[Items listed in a dataset]
(* Let $\mathcal{T}_2$ be the set of $s\in\mathcal{A}^*$ with $|s|\ne\mathsf{rmin}(s)+1$ and $\mathrm{sebr}(s)=0$. For every $n$ there is a bijection $$f_2:\mathcal{T}_2\cap\mathcal{A}_n\to\{(i,s^* ):s^*\in\mathcal{A}^*\cap\mathcal{A}_{n-1},\ \mathsf{rpos}(s^* )\le i<\mathsf{rmin}(s^* )\}$$ of the form $f_2(s)=(\mathsf{rpos}(s),s^* )$ with $\mathsf{asc}(s)=\mathsf{asc}(s^* )$, $\mathsf{max}(s)=\mathsf{max}(s^* )$, $\mathsf{ealm}(s)=\mathsf{ealm}(s^* )$, $\mathsf{rmin}(s)=\mathsf{rmin}(s^* )$, $\mathsf{zero}(s)=\mathsf{zero}(s^* )+\chi(\mathsf{rpos}(s)=0)$ and $\mathsf{rep}(s)=\mathsf{rep}(s^* )+1$.
   Context: For a sequence $s$, $\mathsf{asc}(s)=|\{i:s_i<s_{i+1}\}|$. An ascent sequence is a sequence $s=(s_1,\dots,s_n)$ of non-negative integers with $s_1=0$, $s_i\le\mathsf{asc}(s_1,\dots,s_{i-1})+1$ for $i\ge2$; $\mathcal{A}_n$ is the set of those of length $n$, $|s|$ the length; $\mathcal{A}^*$ is the set of all ascent sequences except those of the form $(0,1,\dots,|s|-1)$. $\mathsf{rep}(s)=|s|-|\{s_i\}|$; $\mathsf{zero}(s)=|\{i:s_i=0\}|$; $\mathsf{max}(s)=|\{i:s_i=i-1\}|$; $\mathsf{ealm}(s)=s_{\mathsf{max}(s)+1}$ if $\mathsf{max}(s)\ne|s|$, else $0$. A right-to-left minimum is an entry $s_i$ with $s_i<s_j$ for all $j>i$; $\mathsf{rmin}(s)$ is their number; they are indexed $0,\dots,\mathsf{rmin}(s)-1$ from left to right, with values $\mathrm{Rmin}(s)_m$ and positions $\mathrm{Prm}(s)_m$. $\mathsf{rpos}(s)$: $0$ if $\mathsf{rmin}(s)=|s|$; otherwise the maximal $m$ such that the value $\mathrm{Rmin}(s)_m$ occurs at least twice after position $\mathrm{Prm}(s)_{m-1}$ (for $m=0$: at least twice in $s$), and $0$ if none. $\mathrm{sebr}(s)$ is the smallest entry strictly between the two rightmost occurrences of $\mathrm{Rmin}(s)_{\mathsf{rpos}(s)}$, and $0$ if they are adjacent. $\chi(P)=1$ if $P$ holds, else $0$. *)

theory Defs
  imports Main
begin

text \<open>Sequences are lists of naturals, 0-indexed: the paper's s_i is s ! (i-1).\<close>

definition asc :: "nat list \<Rightarrow> nat" where
  "asc s = card {i. Suc i < length s \<and> s ! i < s ! Suc i}"

definition is_ascent :: "nat list \<Rightarrow> bool" where
  "is_ascent s \<longleftrightarrow> s \<noteq> [] \<and> s ! 0 = 0 \<and>
     (\<forall>i. 1 \<le> i \<and> i < length s \<longrightarrow> s ! i \<le> asc (take i s) + 1)"

definition A :: "nat \<Rightarrow> nat list set" where
  "A n = {s. is_ascent s \<and> length s = n}"

definition Astar :: "nat list set" where
  "Astar = {s. is_ascent s \<and> s \<noteq> [0..<length s]}"

definition rep :: "nat list \<Rightarrow> nat" where
  "rep s = length s - card (set s)"

definition zero :: "nat list \<Rightarrow> nat" where
  "zero s = card {i. i < length s \<and> s ! i = 0}"

definition maxs :: "nat list \<Rightarrow> nat" where
  "maxs s = card {i. i < length s \<and> s ! i = i}"

definition ealm :: "nat list \<Rightarrow> nat" where
  "ealm s = (if maxs s \<noteq> length s then s ! maxs s else 0)"

definition rmin_set :: "nat list \<Rightarrow> nat set" where
  "rmin_set s = {i. i < length s \<and> (\<forall>j. i < j \<and> j < length s \<longrightarrow> s ! i < s ! j)}"

definition rmin :: "nat list \<Rightarrow> nat" where
  "rmin s = card (rmin_set s)"

definition Prm :: "nat list \<Rightarrow> nat \<Rightarrow> nat" where
  "Prm s m = sorted_list_of_set (rmin_set s) ! m"

definition Rmin :: "nat list \<Rightarrow> nat \<Rightarrow> nat" where
  "Rmin s m = s ! Prm s m"

definition rpos_cond :: "nat list \<Rightarrow> nat \<Rightarrow> bool" where
  "rpos_cond s m \<longleftrightarrow> m < rmin s \<and>
     (if m = 0 then card {j. j < length s \<and> s ! j = Rmin s 0} \<ge> 2
      else card {j. Prm s (m - 1) < j \<and> j < length s \<and> s ! j = Rmin s m} \<ge> 2)"

definition rpos :: "nat list \<Rightarrow> nat" where
  "rpos s = (if rmin s = length s then 0
             else if (\<exists>m. rpos_cond s m) then Max {m. rpos_cond s m} else 0)"

text \<open>smallest entry strictly between the two rightmost occurrences of Rmin s (rpos s);
  0 if they are adjacent (or, degenerately, if there are fewer than two occurrences)\<close>
definition sebr :: "nat list \<Rightarrow> nat" where
  "sebr s = (let v = Rmin s (rpos s);
                 occ = sorted_list_of_set {j. j < length s \<and> s ! j = v}
             in if length occ < 2 then 0
                else (let q = occ ! (length occ - 1); p = occ ! (length occ - 2)
                      in if q = Suc p then 0 else Min {s ! j | j. p < j \<and> j < q}))"

definition T2 :: "nat list set" where
  "T2 = {s. s \<in> Astar \<and> length s \<noteq> rmin s + 1 \<and> sebr s = 0}"

end

theory Submission
  imports Defs
begin

text \<open>The bijection deletes from \<open>s\<close> the entry at position \<open>Prm s (rpos s)\<close>, the rightmost
  occurrence of the value \<open>Rmin s (rpos s)\<close>, and its inverse \<open>dup_rmin i t\<close> repeats the
  \<open>i\<close>-th right-to-left minimum of \<open>t\<close> immediately after itself. Every entry strictly between
  the two rightmost occurrences of \<open>Rmin s (rpos s)\<close> is positive, so for \<open>s\<close> in \<open>T2\<close> the
  condition \<open>sebr s = 0\<close> says that these occurrences are adjacent, i.e. \<open>s\<close> is such a
  duplication. Duplicating an entry preserves the ascent property, the ascents, the set of values,
  the right-to-left minima and the initial run of fixed points. It makes \<open>rpos\<close> equal to \<open>i\<close>:
  the copy is a second occurrence of the \<open>i\<close>-th minimum to the right of the \<open>(i-1)\<close>-st one,
  while the conditions defining \<open>rpos\<close> at larger indices are unaffected and therefore fail, as
  \<open>rpos t \<le> i\<close>.\<close>

lemma two_le_card_iff: "finite S \<Longrightarrow> 2 \<le> card S \<longleftrightarrow> (\<exists>a\<in>S. \<exists>b\<in>S. a \<noteq> b)"
  using card_le_Suc0_iff_eq[of S] by (simp add: not_less_eq_eq[symmetric] numeral_2_eq_2)

lemma card_eq_card_Diff_singleton_if: "finite S \<Longrightarrow> card S = card (S - {p}) + (if p \<in> S then 1 else 0)"
  using card_Suc_Diff1[of S p] by auto

lemma card_less_sorted_list_of_set_nth:
  fixes R :: "'a::linorder set"
  assumes "finite R" "k < card R"
  shows "card {x\<in>R. x < sorted_list_of_set R ! k} = k"
proof -
  let ?l = "sorted_list_of_set R"
  have sorted: "sorted_wrt (<) ?l" by simp
  have less_iff: "?l ! j < ?l ! k \<longleftrightarrow> j < k" if "j < card R" for j
    using that assms sorted_wrt_nth_less[OF sorted, of j k] sorted_wrt_nth_less[OF sorted, of k j]
    by (cases j k rule: linorder_cases) auto
  have R: "R = (!) ?l ` {..<card R}"
    using assms(1)
    by (metis map_nth set_map set_upt atLeast0LessThan length_sorted_list_of_set set_sorted_list_of_set)
  have "{x\<in>R. x < ?l ! k} = (!) ?l ` {..<k}"
    using assms(2) less_iff by (subst (1) R) auto
  then show ?thesis
    using assms by (simp add: card_image inj_on_def nth_eq_iff_index_eq)
qed

lemma sorted_list_of_set_nth_mem:
  "finite R \<Longrightarrow> k < card R \<Longrightarrow> sorted_list_of_set R ! k \<in> R"
  by (metis length_sorted_list_of_set nth_mem set_sorted_list_of_set)

lemma sorted_list_of_set_nth_card_less:
  fixes R :: "'a::linorder set"
  assumes "finite R" "q \<in> R"
  shows "sorted_list_of_set R ! card {x\<in>R. x < q} = q"
proof -
  obtain k where k: "k < card R" "sorted_list_of_set R ! k = q"
    using assms by (metis in_set_conv_nth length_sorted_list_of_set set_sorted_list_of_set)
  then show ?thesis using card_less_sorted_list_of_set_nth[OF assms(1) k(1)] by simp
qed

**WHAT TO DO:** Of the entries listed above, reproduce only the lines starting at the line containing "imports Defs" and ending at the line containing "Every entry strictly between". Include both, exactly as they stand.

**RESPONSE AREA:**
  imports Defs
begin

text \<open>The bijection deletes from \<open>s\<close> the entry at position \<open>Prm s (rpos s)\<close>, the rightmost
  occurrence of the value \<open>Rmin s (rpos s)\<close>, and its inverse \<open>dup_rmin i t\<close> repeats the
  \<open>i\<close>-th right-to-left minimum of \<open>t\<close> immediately after itself. Every entry strictly between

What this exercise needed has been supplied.